Contractors to be hit with $2.3 billion in tax fines; ACCC tells Telstra to cut prices: Midday Roundup

Contractors who have dodged their GST or income tax obligations have been hit with $2.3 billion in tax bills, Fairfaxreports.

Hundreds of thousands of contractors have already been notified, with the possibility of billions more outstanding as the Australia Taxation Office (ATO) continues to match its incoming data to identify those operating in the cash economy.

These recent findings have been possible from a reporting system set up by the ATO between 2012-13, which requires businesses in construction and building to disclose payments made to contractors.

This reporting system has identified unpaid income tax and GST liabilities of $2.3 billion for 2012-13.

 

ACCC tells Telstra to cut access prices

 

The cost of using phone and internet will fall following the Australian Competition and Consumer Commission’s draft decision to drop the price Telstra can charge its wholesale customers.

The draft decision will see a 9.6% fall in the access price for other service providers who pay to use Telstra’s copper network to provide telecommunications services to customers.

The new prices will take effect from October 1 and continue until June 30, 2019.

In a statement today, ACCC chairman Rod Sims said the most important reason for the decision was to lessen the effect of the transition from Telstra’s fixed line network to the National Broadband Network.

Sims said while the transition from Telstra’s fixed line network to the NBN would see some of the legacy network’s assets become redundant, it should not be at the cost of consumers.

“Users of Telstra’s network should not pay the higher costs that result from fewer customers as NBN migration occurs,” Sims said.

 

Shares down on open

 

Australian shares have traded lower this morning, as investors begin to digest the news out of Greece.
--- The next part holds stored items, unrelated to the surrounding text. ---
(* Let $s\in\mathbb N$. There exist positive constants $A_s,B_s$ depending on $s$ such that for every $N\ge1$ and every $r\ge2$, if $\boldsymbol k_1,\dots,\boldsymbol k_r$ are sampled independently from the uniform distribution on $Q_N$, then $$\Pr\big(\oplus_{i=1}^r\boldsymbol k_i\in Q_N\big)\le A_s^rN^{r/4}r^{-B_s\sqrt N}.$$
   Context: For $k\in\mathbb N_0$, $k=\sum_{\ell\ge1}a_\ell2^{\ell-1}$ with $a_\ell\in\{0,1\}$, let $\kappa=\{\ell:a_\ell=1\}$. For $\boldsymbol k\in\mathbb N_0^s$ with digit sets $\kappa_1,\dots,\kappa_s$, $\|\boldsymbol\kappa\|_1=\sum_j\sum_{\ell\in\kappa_j}\ell$; $Q_N=\{\boldsymbol k\in\mathbb N_0^s\setminus\{\boldsymbol0\}:\|\boldsymbol\kappa\|_1\le N\}$. $\boldsymbol k_1\oplus\boldsymbol k_2$ is the componentwise bitwise XOR (each component's digit set is the symmetric difference of the corresponding digit sets), and $\oplus_{i=1}^r\boldsymbol k_i$ is the iterated sum. *)

theory Defs
  imports Complex_Main "HOL-Library.FuncSet"
begin

text \<open>Digit set of k: kappa = {l >= 1. a_l = 1} where k = sum a_l 2^(l-1).\<close>
definition digit_set :: "nat \<Rightarrow> nat set" where
  "digit_set k = {l. 1 \<le> l \<and> bit k (l - 1)}"

text \<open>Vectors in N_0^s are lists of length s.  ||kappa||_1.\<close>
definition dnorm :: "nat list \<Rightarrow> nat" where
  "dnorm ks = (\<Sum>j<length ks. \<Sum>l\<in>digit_set (ks ! j). l)"

definition QN :: "nat \<Rightarrow> nat \<Rightarrow> nat list set" where
  "QN s N = {ks. length ks = s \<and> ks \<noteq> replicate s 0 \<and> dnorm ks \<le> N}"

text \<open>Componentwise bitwise XOR (digit sets: symmetric difference).\<close>
definition vxor :: "nat list \<Rightarrow> nat list \<Rightarrow> nat list" where
  "vxor xs ys = map2 (\<lambda>a b. Bit_Operations.xor a b) xs ys"

definition xsum :: "nat \<Rightarrow> (nat \<Rightarrow> nat list) \<Rightarrow> nat \<Rightarrow> nat list" where
  "xsum s ks r = fold (\<lambda>i acc. vxor acc (ks i)) [0..<r] (replicate s 0)"

definition xor_prob :: "nat \<Rightarrow> nat \<Rightarrow> nat \<Rightarrow> real" where
  "xor_prob s N r =
     real (card {ks \<in> PiE {..<r} (\<lambda>_. QN s N). xsum s ks r \<in> QN s N})
     / real (card (QN s N)) ^ r"

end

theory Submission
  imports Defs "HOL-Real_Asymp.Real_Asymp"
begin

text \<open>Encode a vector by the set of cells \<open>(j, l)\<close> with \<open>l\<close> a binary digit of its \<open>j\<close>-th
  component: XOR becomes symmetric difference, \<open>Q_N\<close> the nonempty cell sets of total height at most
  \<open>N\<close>, and the probability an \<open>r\<close>-fold convolution of the indicator of \<open>Q_N\<close> divided by
  \<open>|Q_N| ^ r\<close>. Rankin's trick replaces the height constraint by weights \<open>x ^ height\<close> and
  \<open>y ^ height\<close>; then \<open>m \<le> r\<close> convolution steps factor over the cells, while a second moment
  argument for the \<open>x\<close>-tilted product measure, with mean height \<open>N - c N ^ (3 / 4)\<close>, bounds
  \<open>|Q_N|\<close> from below. What remains is a product over levels \<open>l\<close> of factors \<open>1 - gain\<close>. For
  bounded \<open>r\<close> one takes \<open>m = r\<close>, \<open>y = exp (- beta / sqrt N)\<close> and expands to second order in
  \<open>beta\<close>; for large \<open>r\<close> one takes \<open>m = min r (N ^ (1 / 8))\<close>, \<open>y = exp (- 1 / sqrt N)\<close> and
  uses that about \<open>ln m * sqrt N\<close> levels have gain at least \<open>1 / 8\<close>.\<close>

section \<open>Vectors as finite sets of cells\<close>

lemma bit_nat_imp_less: "bit (k::nat) i \<Longrightarrow> i < k"
proof (rule ccontr)
  assume "bit k i" and "\<not> i < k"
  then have "k < 2 ^ i"
    using less_exp[of k] power_increasing[of k i "2::nat"] by linarith
  with \<open>bit k i\<close> show False
    by (simp add: bit_iff_odd)
qed

lemma digit_set_subset: "digit_set k \<subseteq> {1..k}"
  using bit_nat_imp_less[of k] by (fastforce simp: digit_set_def)

lemma finite_digit_set [simp]: "finite (digit_set k)"
  using digit_set_subset finite_subset by blast

lemma digit_set_0 [simp]: "digit_set 0 = {}"
  by (simp add: digit_set_def)

lemma digit_set_xor: "digit_set (xor a b) = sym_diff (digit_set a) (digit_set b)"
  by (auto simp: digit_set_def bit_xor_iff)

lemma digit_set_inject: "digit_set a = digit_set b \<longleftrightarrow> a = b"
proof
  assume "digit_set a = digit_set b"
  then have "Suc n \<in> digit_set a \<longleftrightarrow> Suc n \<in> digit_set b" for n
    by simp
  then show "a = b"
    by (auto simp: digit_set_def bit_eq_iff)
qed simp

lemma digit_set_eq_empty_iff: "digit_set a = {} \<longleftrightarrow> a = 0"
  using digit_set_inject[of a 0] by simp

lemma digit_set_surj: "finite S \<Longrightarrow> S \<subseteq> {1..} \<Longrightarrow> \<exists>k. digit_set k = S"
proof (induction S rule: finite_induct)
  case empty
  show ?case
    using digit_set_eq_empty_iff by blast
next
  case (insert l S)
  then obtain k where "digit_set k = S"
    by auto
  then have "digit_set (set_bit (l - 1) k) = insert l S"
    using insert.prems by (auto simp: digit_set_def bit_set_bit_iff)
  then show ?case ..
qed

text \<open>A vector \<open>v\<close> is identified with the set of cells \<open>(j, l)\<close> such that \<open>l\<close> is a digit
  of its \<open>j\<close>-th component; \<open>dnorm\<close> becomes the total height of the cells.\<close>

definition cell_set :: "nat list \<Rightarrow> (nat \<times> nat) set" where
  "cell_set v = Sigma {..<length v} (\<lambda>j. digit_set (v ! j))"

definition weight :: "(nat \<times> nat) set \<Rightarrow> nat" where
  "weight D = (\<Sum>u\<in>D. snd u)"

definition cells :: "nat \<Rightarrow> nat \<Rightarrow> (nat \<times> nat) set" where
  "cells s N = {..<s} \<times> {1..N}"

definition QN_sets :: "nat \<Rightarrow> nat \<Rightarrow> (nat \<times> nat) set set" where
  "QN_sets s N = {D. D \<subseteq> cells s N \<and> D \<noteq> {} \<and> weight D \<le> N}"

lemma finite_cell_set [simp]: "finite (cell_set v)"
  by (simp add: cell_set_def)

lemma finite_cells [simp]: "finite (cells s N)"
  by (simp add: cells_def)

lemma finite_QN_sets [simp]: "finite (QN_sets s N)"
  by (rule finite_subset[of _ "Pow (cells s N)"]) (auto simp: QN_sets_def)

lemma QN_sets_subset_cells: "D \<in> QN_sets s N \<Longrightarrow> D \<subseteq> cells s N"
  by (simp add: QN_sets_def)

lemma dnorm_eq_weight: "dnorm v = weight (cell_set v)"
  by (simp add: dnorm_def weight_def cell_set_def sum.Sigma split_beta)

lemma weight_insert: "finite D \<Longrightarrow> u \<notin> D \<Longrightarrow> weight (insert u D) = snd u + weight D"
  by (simp add: weight_def)

lemma power_weight: "finite D \<Longrightarrow> x ^ weight D = (\<Prod>u\<in>D. x ^ snd u)"
  unfolding weight_def by (rule power_sum)

lemma cell_set_vxor:
  "length v = length w \<Longrightarrow> cell_set (vxor v w) = sym_diff (cell_set v) (cell_set w)"
  by (auto simp: cell_set_def vxor_def digit_set_xor)

lemma cell_set_eq_empty_iff: "cell_set v = {} \<longleftrightarrow> v = replicate (length v) 0"
proof -
  have "cell_set v = {} \<longleftrightarrow> (\<forall>j<length v. digit_set (v ! j) = {})"
    by (auto simp: cell_set_def)
  then show ?thesis
    by (simp add: digit_set_eq_empty_iff list_eq_iff_nth_eq)
qed

lemma cell_set_inject:
  assumes "length v = length w" and "cell_set v = cell_set w"
  shows "v = w"
proof (rule nth_equalityI)
  fix j assume "j < length v"
  then have "l \<in> digit_set (v ! j) \<longleftrightarrow> l \<in> digit_set (w ! j)" for l
    using assms by (auto simp: cell_set_def set_eq_iff)
  then show "v ! j = w ! j"
    by (auto simp: digit_set_inject[symmetric])
qed (fact assms(1))

lemma cell_set_surj:
  assumes "finite D" and "D \<subseteq> {..<s} \<times> {1..}"
  shows "\<exists>v. length v = s \<and> cell_set v = D"
proof -
  have "\<exists>k. digit_set k = {l. (j, l) \<in> D}" for j
  proof (rule digit_set_surj)
    show "finite {l. (j, l) \<in> D}"
      using finite_imageI[OF assms(1), of snd] by (rule finite_subset[rotated]) force
  qed (use assms(2) in auto)
  then obtain f where f: "\<And>j. digit_set (f j) = {l. (j, l) \<in> D}"
    by metis
  have "cell_set (map f [0..<s]) = D"
    using assms(2) by (auto simp: cell_set_def f)
  then show ?thesis
    by (intro exI[of _ "map f [0..<s]"]) simp
qed

lemma weight_le_imp_subset_cells:
  assumes "finite D" and "D \<subseteq> {..<s} \<times> {1..}" and "weight D \<le> N"
  shows "D \<subseteq> cells s N"
proof
  fix u assume "u \<in> D"
  then have "snd u \<le> weight D"
    using assms(1) by (auto simp: weight_def intro: member_le_sum)
  then show "u \<in> cells s N"
    using assms \<open>u \<in> D\<close> by (force simp: cells_def)
qed

lemma mem_QN_iff: "v \<in> QN s N \<longleftrightarrow> length v = s \<and> cell_set v \<in> QN_sets s N"
proof -
  have "cell_set v \<subseteq> {..<length v} \<times> {1..}"
    by (auto simp: cell_set_def digit_set_def)
  then show ?thesis
    using weight_le_imp_subset_cells[of "cell_set v" "length v" N]
    by (auto simp: QN_def QN_sets_def dnorm_eq_weight cell_set_eq_empty_iff)
qed

lemma bij_betw_cell_set: "bij_betw cell_set (QN s N) (QN_sets s N)"
proof (rule bij_betw_imageI)
  show "inj_on cell_set (QN s N)"
    by (rule inj_onI) (auto simp: mem_QN_iff intro: cell_set_inject)
  have "D \<in> cell_set ` QN s N" if "D \<in> QN_sets s N" for D
  proof -
    have "finite D" and "D \<subseteq> {..<s} \<times> {1..}"
      using that finite_subset[of D "cells s N"] by (auto simp: QN_sets_def cells_def)
    then obtain v where "length v = s" "cell_set v = D"
      using cell_set_surj by blast
    then show ?thesis
      using that mem_QN_iff by blast
  qed
  then show "cell_set ` QN s N = QN_sets s N"
    using mem_QN_iff by blast
qed

lemma finite_QN: "finite (QN s N)"
  using bij_betw_finite[OF bij_betw_cell_set] by simp

lemma card_QN: "card (QN s N) = card (QN_sets s N)"
  using bij_betw_same_card[OF bij_betw_cell_set] .

section \<open>The probability as an iterated convolution\<close>

definition QN_conv :: "nat \<Rightarrow> nat \<Rightarrow> ((nat \<times> nat) set \<Rightarrow> real) \<Rightarrow> (nat \<times> nat) set \<Rightarrow> real" where
  "QN_conv s N \<phi> D = (\<Sum>E\<in>QN_sets s N. \<phi> (sym_diff D E))"

lemma sum_PiE_lessThan_Suc:
  assumes "finite A"
  shows "(\<Sum>f\<in>PiE {..<Suc r} (\<lambda>_. A). F f) = (\<Sum>g\<in>PiE {..<r} (\<lambda>_. A). \<Sum>a\<in>A. F (g(r := a)))"
proof -
  have "(\<Sum>f\<in>PiE {..<Suc r} (\<lambda>_. A). F f) = (\<Sum>(a, g)\<in>A \<times> PiE {..<r} (\<lambda>_. A). F (g(r := a)))"
    unfolding lessThan_Suc PiE_insert_eq
    by (subst sum.reindex[OF inj_combinator]) (simp_all add: case_prod_unfold)
  also have "\<dots> = (\<Sum>a\<in>A. \<Sum>g\<in>PiE {..<r} (\<lambda>_. A). F (g(r := a)))"
    by (simp only: sum.cartesian_product)
  also have "\<dots> = (\<Sum>g\<in>PiE {..<r} (\<lambda>_. A). \<Sum>a\<in>A. F (g(r := a)))"
    by (rule sum.swap)
  finally show ?thesis .
qed

lemma xsum_Suc: "xsum s ks (Suc r) = vxor (xsum s ks r) (ks r)"
  by (simp add: xsum_def)

lemma xsum_cong: "(\<And>i. i < r \<Longrightarrow> ks i = ks' i) \<Longrightarrow> xsum s ks r = xsum s ks' r"
  unfolding xsum_def by (rule fold_cong) auto

lemma length_xsum: "(\<And>i. i < r \<Longrightarrow> length (ks i) = s) \<Longrightarrow> length (xsum s ks r) = s"
  by (induction r) (simp_all add: xsum_Suc vxor_def xsum_def[of _ _ 0])

lemma length_xsum_QN: "ks \<in> PiE {..<r} (\<lambda>_. QN s N) \<Longrightarrow> length (xsum s ks r) = s"
  by (rule length_xsum) (simp add: PiE_iff QN_def)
Ric Spooner, chief market analyst at CMC Markets, said in a statement initial reactions from local investors include selling off euros and buying up US and Japanese currency and gold.

“The Greek situation involves considerable uncertainty for investors,” Spooner said.

“The most tangible impact is likely to be reduced confidence especially if, as seems possible, the situation drags on taking time before it becomes clear whether there will be a Grexit [Greek exit] and if so how this will be administered.”

The S&P/ASX 200 benchmark is down 97.6 points or 1.8% to 5448.3 points. At 12.07pm AEST, On Friday, the Dow Jones closed 56.32 points higher, up 0.31% to 17946.7 points.